The platform uses Redis for production-ready features:

Rate Limiting

  • API Rate Limiting: Prevents abuse with configurable rate limits per endpoint
  • Concurrency Control: Limits concurrent requests to prevent resource exhaustion
  • Distributed Locks: Ensures thread-safe operations across multiple instances

Caching

  • Response Caching: Caches frequent assessment results for improved performance
  • Session Management: Maintains user sessions and state across requests

Setup Redis

# Start Redis container (recommended for development)
make redis-up

# Or install Redis locally
# macOS: brew install redis
# Ubuntu: sudo apt install redis-server

# Verify Redis is running
redis-cli ping  # Should return PONG

Enable

Weave is initialized automatically when you run the CLI or demo if your environment has the standard variables set. The defaults work out‑of‑the‑box; cloud mode is used if WANDB_API_KEY is present, otherwise local mode.

# Required for LLM calls
export OPENAI_API_KEY=...

# Optional (cloud mode)
export WANDB_API_KEY=...                 # enables hosted dashboards
export WEAVE_PROJECT=utiplayground  # default used if unset

# Run any workflow – links will be printed to the console
uv run python -m src.cli --sample "Sarah Smith" --non-interactive --write-report

What you’ll see

  • Parent op: cli_patient_assessment (the whole CLI invocation)
  • Child ops (agent/tool stages):
    • uti_complete_patient_assessment
    • clinical_reasoning
    • safety_validation
    • web_research
    • deep_research_diagnosis

Each node includes inputs/outputs, timing, errors (if any), and linkage back to the final report in uti-cli/reports/.

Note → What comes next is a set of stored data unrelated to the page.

lemma finite_branching_is_forest:
  assumes "finite E" "branching E" "Field E \<subseteq> V"
  shows "is_forest V E"
proof -
  let ?reach = "\<lambda>r. E\<^sup>* `` {r}"
  let ?Ps = "?reach ` (V - Range E)"
  have "acyclic E"
    using assms(2) by (simp add: branching_def)
  have root: "\<exists>r \<in> V - Range E. x \<in> ?reach r" if "x \<in> V" for x
  proof -
    obtain r where r: "(r, x) \<in> E\<^sup>*" "r \<notin> Range E"
      using finite_acyclic_root_ancestors[OF assms(1) \<open>acyclic E\<close>] by metis
    moreover from r(1) that have "r \<in> V"
      using rtrancl_in_iff_if_Field_subset[OF _ assms(3)] by blast
    ultimately show ?thesis by blast
  qed
  have reach_subset: "?reach r \<subseteq> V" if "r \<in> V" for r
    using that rtrancl_in_iff_if_Field_subset[OF _ assms(3)] by blast
  show ?thesis
    unfolding is_forest_def
  proof (intro exI[of _ ?Ps] conjI ballI)
    show "\<Union> ?Ps = V"
      using root reach_subset by blast
  next
    fix C D assume "C \<in> ?Ps" "D \<in> ?Ps"
    then show "C \<noteq> D \<longrightarrow> C \<inter> D = {}"
      using branching_roots_reach_disjoint[OF assms(2)] by blast
  next
    fix e assume "e \<in> E"
    then obtain x y where e: "e = (x, y)" "(x, y) \<in> E" by (cases e) simp
    then have "x \<in> V"
      using assms(3) by (auto simp: Field_def)
    then obtain r where "r \<in> V - Range E" "x \<in> ?reach r"
      using root by blast
    moreover from this e have "y \<in> ?reach r"
      by (blast intro: rtrancl_into_rtrancl)
    ultimately show "case e of (x, y) \<Rightarrow> \<exists>C \<in> ?Ps. x \<in> C \<and> y \<in> C"
      using e by blast
  next
    fix C assume "C \<in> ?Ps"
    then show "C \<noteq> {}" "is_tree C (E \<inter> C \<times> C)"
      using branching_reach_is_tree[OF assms(2)] by auto
  qed
qed

lemma labels_eq: "labels (R, \<Gamma>) = Field (set_mset R) \<union> fst ` set_mset \<Gamma>"
  unfolding labels_def Field_def Domain_fst Range_snd by auto

lemma branching_imp_forestlike: "branching (set_mset R) \<Longrightarrow> forestlike (R, \<Gamma>)"
  unfolding forestlike_def edges_def
  by (rule finite_branching_is_forest) (auto simp: labels_eq)

lemma connected_refl: "connected R x x"
  by (simp add: connected_def)

lemma connected_trans: "connected R x y \<Longrightarrow> connected R y z \<Longrightarrow> connected R x z"
  unfolding connected_def by (rule rtranclp_trans)

lemma connected_sym:
  assumes "connected R x y"
  shows "connected R y x"
proof -
  have "(\<lambda>x y. (x, y) \<in># R \<or> (y, x) \<in># R) = symclp (\<lambda>x y. (x, y) \<in># R)"
    by (simp add: symclp_def fun_eq_iff)
  with assms show ?thesis
    unfolding connected_def by (metis rtranclp_symclp_sym)
qed

lemma connected_if_mem: "(x, y) \<in># R \<Longrightarrow> connected R x y"
  unfolding connected_def by auto

lemma connected_mono:
  assumes "\<forall>(x, y) \<in># R. connected R' x y" "connected R a b"
  shows "connected R' a b"
  using assms(2) unfolding connected_def[of R]
proof (induction rule: rtranclp_induct)
  case base
  show ?case by (rule connected_refl)
next
  case (step b c)
  with assms(1) have "connected R' b c"
    using connected_sym by blast
  with step.IH show ?case by (rule connected_trans)
qed

lemma connected_add_mset: "connected R a b \<Longrightarrow> connected (add_mset e R) a b"
  by (rule connected_mono[of R]) (auto intro: connected_if_mem)

lemma rtrancl_imp_connected: "(a, b) \<in> (set_mset R)\<^sup>* \<Longrightarrow> connected R a b"
  by (induction rule: rtrancl_induct) (auto intro: connected_refl connected_if_mem connected_trans)

definition covering_branching ::
    "(label \<times> label) multiset \<Rightarrow> (label \<times> form) multiset \<Rightarrow> (label \<times> label) multiset \<Rightarrow> bool" where
  "covering_branching R \<Gamma> R' \<longleftrightarrow> branching (set_mset R') \<and> Field (set_mset R') \<subseteq> labels (R, \<Gamma>)
     \<and> (\<forall>(x, y) \<in># R. connected R' x y)"

lemma covering_forestlike: "covering_branching R \<Gamma> R' \<Longrightarrow> forestlike (R', \<Gamma>)"
  unfolding covering_branching_def by (blast intro: branching_imp_forestlike)

lemma covering_connected:
  "covering_branching R \<Gamma> R' \<Longrightarrow> connected R x y \<Longrightarrow> connected R' x y"
  unfolding covering_branching_def by (blast intro: connected_mono)

lemma covering_fresh: "covering_branching R \<Gamma> R' \<Longrightarrow> fresh v (R, \<Gamma>) \<Longrightarrow> fresh v (R', \<Gamma>)"
  unfolding covering_branching_def fresh_def labels_eq by blast

lemma covering_add_formula:
  "covering_branching R (add_mset A \<Gamma>) R' \<Longrightarrow> covering_branching R (add_mset A (add_mset B \<Gamma>)) R'"
  unfolding covering_branching_def labels_eq by auto

lemma covering_add_connected:
  "covering_branching R \<Gamma> R' \<Longrightarrow> connected R' x y \<Longrightarrow> covering_branching (add_mset (x, y) R) \<Gamma> R'"
  unfolding covering_branching_def labels_eq by auto

lemma covering_add_edge:
  assumes cov: "covering_branching R \<Gamma> R'" and "set_mset \<Gamma> \<subseteq> set_mset \<Gamma>'"
    and ax: "(a, x) \<in> (set_mset R')\<^sup>*" and "(b, y) \<in> (set_mset R')\<^sup>*"
    and "b \<notin> Range (set_mset R')" "(b, a) \<notin> (set_mset R')\<^sup>*"
  shows "covering_branching (add_mset (x, y) R) \<Gamma>' (add_mset (a, b) R')"
proof -
  from cov have "branching (set_mset R')"
    by (simp add: covering_branching_def)
  then have "branching (set_mset (add_mset (a, b) R'))"
    using assms(5,6) by (simp add: branching_insert)
  moreover have "insert x (insert y (labels (R, \<Gamma>))) \<subseteq> labels (add_mset (x, y) R, \<Gamma>')"
    using assms(2) by (auto simp: labels_eq Field_insert)
  with cov rtrancl_eq_or_in_Field[OF ax] rtrancl_eq_or_in_Field[OF assms(4)]
  have "Field (set_mset (add_mset (a, b) R')) \<subseteq> labels (add_mset (x, y) R, \<Gamma>')"
    unfolding covering_branching_def set_mset_add_mset_insert Field_insert by blast
  moreover have "connected R' x a" "connected R' b y"
    using ax assms(4) by (auto intro: rtrancl_imp_connected connected_sym)
  then have "connected (add_mset (a, b) R') x y"
    by (meson connected_add_mset connected_if_mem connected_trans union_single_eq_member)
  moreover have "\<forall>(u, v) \<in># R. connected (add_mset (a, b) R') u v"
    using cov unfolding covering_branching_def by (auto intro: connected_add_mset)
  ultimately show ?thesis
    unfolding covering_branching_def by auto
qed

lemma covering_add_fresh_edge:
  assumes "covering_branching R \<Gamma> R'" "set_mset \<Gamma> \<subseteq> set_mset \<Gamma>'" "fresh v (R, \<Gamma>)" "u \<noteq> v"
  shows "covering_branching (add_mset (u, v) R) \<Gamma>' (add_mset (u, v) R')"
proof -
  from assms(1,3) have "v \<notin> Field (set_mset R')"
    unfolding covering_branching_def fresh_def by blast
  then have "v \<notin> Range (set_mset R')" "(v, u) \<notin> (set_mset R')\<^sup>*"
    using assms(4) rtrancl_eq_or_in_Field[of v u "set_mset R'"] by (auto simp: Field_def)
  with assms(1,2) show ?thesis
    by (intro covering_add_edge) auto
qed

lemma covering_add_edge_between_roots:
  assumes "covering_branching R \<Gamma> R'" "\<not> connected R' x y"
    and "(a, x) \<in> (set_mset R')\<^sup>*" "(b, y) \<in> (set_mset R')\<^sup>*" "b \<notin> Range (set_mset R')"
  shows "covering_branching (add_mset (x, y) R) \<Gamma> (add_mset (a, b) R')"
proof -
  have "(b, a) \<notin> (set_mset R')\<^sup>*"
    using assms(2-4) by (metis rtrancl_imp_connected connected_sym connected_trans)
  with assms show ?thesis
    by (intro covering_add_edge) auto
qed

lemma deriv_forestlike_apc:
  assumes "0 < n" and cov: "covering_branching R \<Gamma> R'"
    and IH: "\<And>k j R''. k \<le> n - 1 \<Longrightarrow> k + 1 \<le> j \<Longrightarrow> j \<le> n
      \<Longrightarrow> covering_branching (add_mset (ws k, ws j) R) \<Gamma> R'' \<Longrightarrow> deriv forestlike n (R'', \<Gamma>)"
  shows "deriv forestlike n (R', \<Gamma>)"
proof -
  let ?pair = "\<lambda>k j. k \<le> n - 1 \<and> k + 1 \<le> j \<and> j \<le> n"
  consider (joined) k j where "?pair k j" "connected R' (ws k) (ws j)"
    | (apart) "\<And>k j. ?pair k j \<Longrightarrow> \<not> connected R' (ws k) (ws j)"
    by blast
  then show ?thesis
  proof cases
    case joined
    with cov have "covering_branching (add_mset (ws k, ws j) R) \<Gamma> R'"
      by (simp add: covering_add_connected)
    with joined(1) show ?thesis by (auto intro: IH)
  next
    case apart
    from cov have "acyclic (set_mset R')"
      by (simp add: covering_branching_def branching_def)
    then obtain root where root: "\<And>x. (root x, x) \<in> (set_mset R')\<^sup>*"
      "\<And>x. root x \<notin> Range (set_mset R')"
      using finite_acyclic_root_ancestors[OF finite_set_mset] by metis
    have "deriv forestlike n (add_mset (root (ws k), root (ws j)) R', \<Gamma>)" if "?pair k j" for k j
    proof -
      from cov apart[OF that] root(1) root(1) root(2)
      have "covering_branching (add_mset (ws k, ws j) R) \<Gamma> (add_mset (root (ws k), root (ws j)) R')"
        by (rule covering_add_edge_between_roots)
      with that show ?thesis by (auto intro: IH)
    qed
    with covering_forestlike[OF cov] assms(1) show ?thesis
      by (intro deriv.apc[where ws = "root \<circ> ws"]) auto
  qed
qed

lemma deriv_forestlike_if_covering:
  assumes "derivable n S" "covering_branching (fst S) (snd S) R'"
  shows "deriv forestlike n (R', snd S)"
  using assms
proof (induction arbitrary: R' rule: deriv.induct)
  case (id R w p \<Gamma>)
  then show ?case
    by (auto intro: deriv.id covering_forestlike)
next
  case (conj R w \<phi> \<psi> \<Gamma>)
  then have cov: "covering_branching R (add_mset (w, And \<phi> \<psi>) \<Gamma>) R'" by simp
  with conj.IH show ?case
    by (simp add: covering_add_formula
        deriv.conj[where P = forestlike, OF covering_forestlike[OF cov]])
next
  case (disj R w \<phi> \<psi> \<Gamma>)
  then have cov: "covering_branching R (add_mset (w, Or \<phi> \<psi>) \<Gamma>) R'" by simp
  with disj.IH show ?case
    by (simp add: covering_add_formula
        deriv.disj[where P = forestlike, OF covering_forestlike[OF cov]])
next
  case (box R w \<phi> \<Gamma> v)
  then have cov: "covering_branching R (add_mset (w, Box \<phi>) \<Gamma>) R'" by simp
  with box.IH show ?case
    by (simp add: covering_add_formula
        deriv.box[where P = forestlike, OF covering_forestlike[OF cov] covering_fresh[OF cov box.hyps(2)]])
next
  case (dia R w \<phi> \<Gamma> u)
  then have cov: "covering_branching R (add_mset (w, Dia \<phi>) \<Gamma>) R'" by simp
  with dia.IH show ?case
    by (simp add: covering_add_formula
        deriv.dia[where P = forestlike and u = u, OF covering_forestlike[OF cov]])
next
  case (ioa R \<Gamma> v u)
  then have cov: "covering_branching R \<Gamma> R'" by simp
  show ?case
  proof (cases "u = v")
    case True \<comment> \<open>the fresh label may be its own source; the loop R_1 v v joins nothing\<close>
    with cov ioa.IH show ?thesis
      by (simp add: covering_add_connected connected_refl)
  next
    case False
    with cov ioa.hyps(2) ioa.IH show ?thesis
      by (simp add: covering_add_fresh_edge deriv.ioa[where P = forestlike and u = u,
            OF covering_forestlike[OF cov] covering_fresh[OF cov ioa.hyps(2)]])
  qed
next
  case (stit R w \<phi> \<Gamma> v)
  then have cov: "covering_branching R (add_mset (w, Stit \<phi>) \<Gamma>) R'" by simp
  from stit.hyps(2) have "w \<noteq> v"
    by (auto simp: fresh_def labels_def)
  with cov stit.hyps(2) have "covering_branching (add_mset (w, v) R)
      (add_mset (w, Stit \<phi>) (add_mset (v, \<phi>) \<Gamma>)) (add_mset (w, v) R')"
    by (intro covering_add_fresh_edge) auto
  with stit.IH
  have "deriv forestlike n (add_mset (w, v) R', add_mset (w, Stit \<phi>) (add_mset (v, \<phi>) \<Gamma>))"
    by simp
  with covering_forestlike[OF cov] covering_fresh[OF cov stit.hyps(2)] show ?case
    unfolding snd_conv by (rule deriv.stit)
next
  case (pr R w \<phi> \<Gamma> u)
  then have cov: "covering_branching R (add_mset (w, DStit \<phi>) \<Gamma>) R'" by simp
  with pr.IH show ?case
    by (simp add: covering_add_formula
        deriv.pr[where P = forestlike, OF covering_forestlike[OF cov] covering_connected[OF cov pr.hyps(2)]])
next
  case (apc R \<Gamma> ws)
  from apc.prems have "covering_branching R \<Gamma> R'" by simp
  moreover from apc.IH have "\<And>k j R''. k \<le> n - 1 \<Longrightarrow> k + 1 \<le> j \<Longrightarrow> j \<le> n
      \<Longrightarrow> covering_branching (add_mset (ws k, ws j) R) \<Gamma> R'' \<Longrightarrow> deriv forestlike n (R'', \<Gamma>)"
    by simp
  ultimately have "deriv forestlike n (R', \<Gamma>)"
    by (rule deriv_forestlike_apc[OF apc.hyps(2)])
  then show ?case by simp
qed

Dashboard snapshot using GPT 4.1

Weave Traces Dashboard

Notes

  • Tracing is integrated via Weave’s WeaveTracingProcessor per the official guide: https://weave-docs.wandb.ai/guides/integrations/openai_agents/.
  • Runs are grouped so a single link represents the complete assessment chain. Console output will include the Weave dashboard URL.

Runtime flags (behavioral controls)

  • STRICT_INTERRUPTS (default: true): Enforces hard interrupts at deterministic referral, safety reject/do_not_start/deny, and validator failures (high severity).
  • DOCTOR_SUMMARY_ON_REFERRAL (default: true): When interrupting for refer_* or no_antibiotics_not_met, optionally invoke a brief Doctor Summary; disable to save cost.
  • PRESCRIBER_SIGNOFF_REQUIRED (default: true): Marks outputs as requiring prescriber sign‑off; set to false to disable the flag.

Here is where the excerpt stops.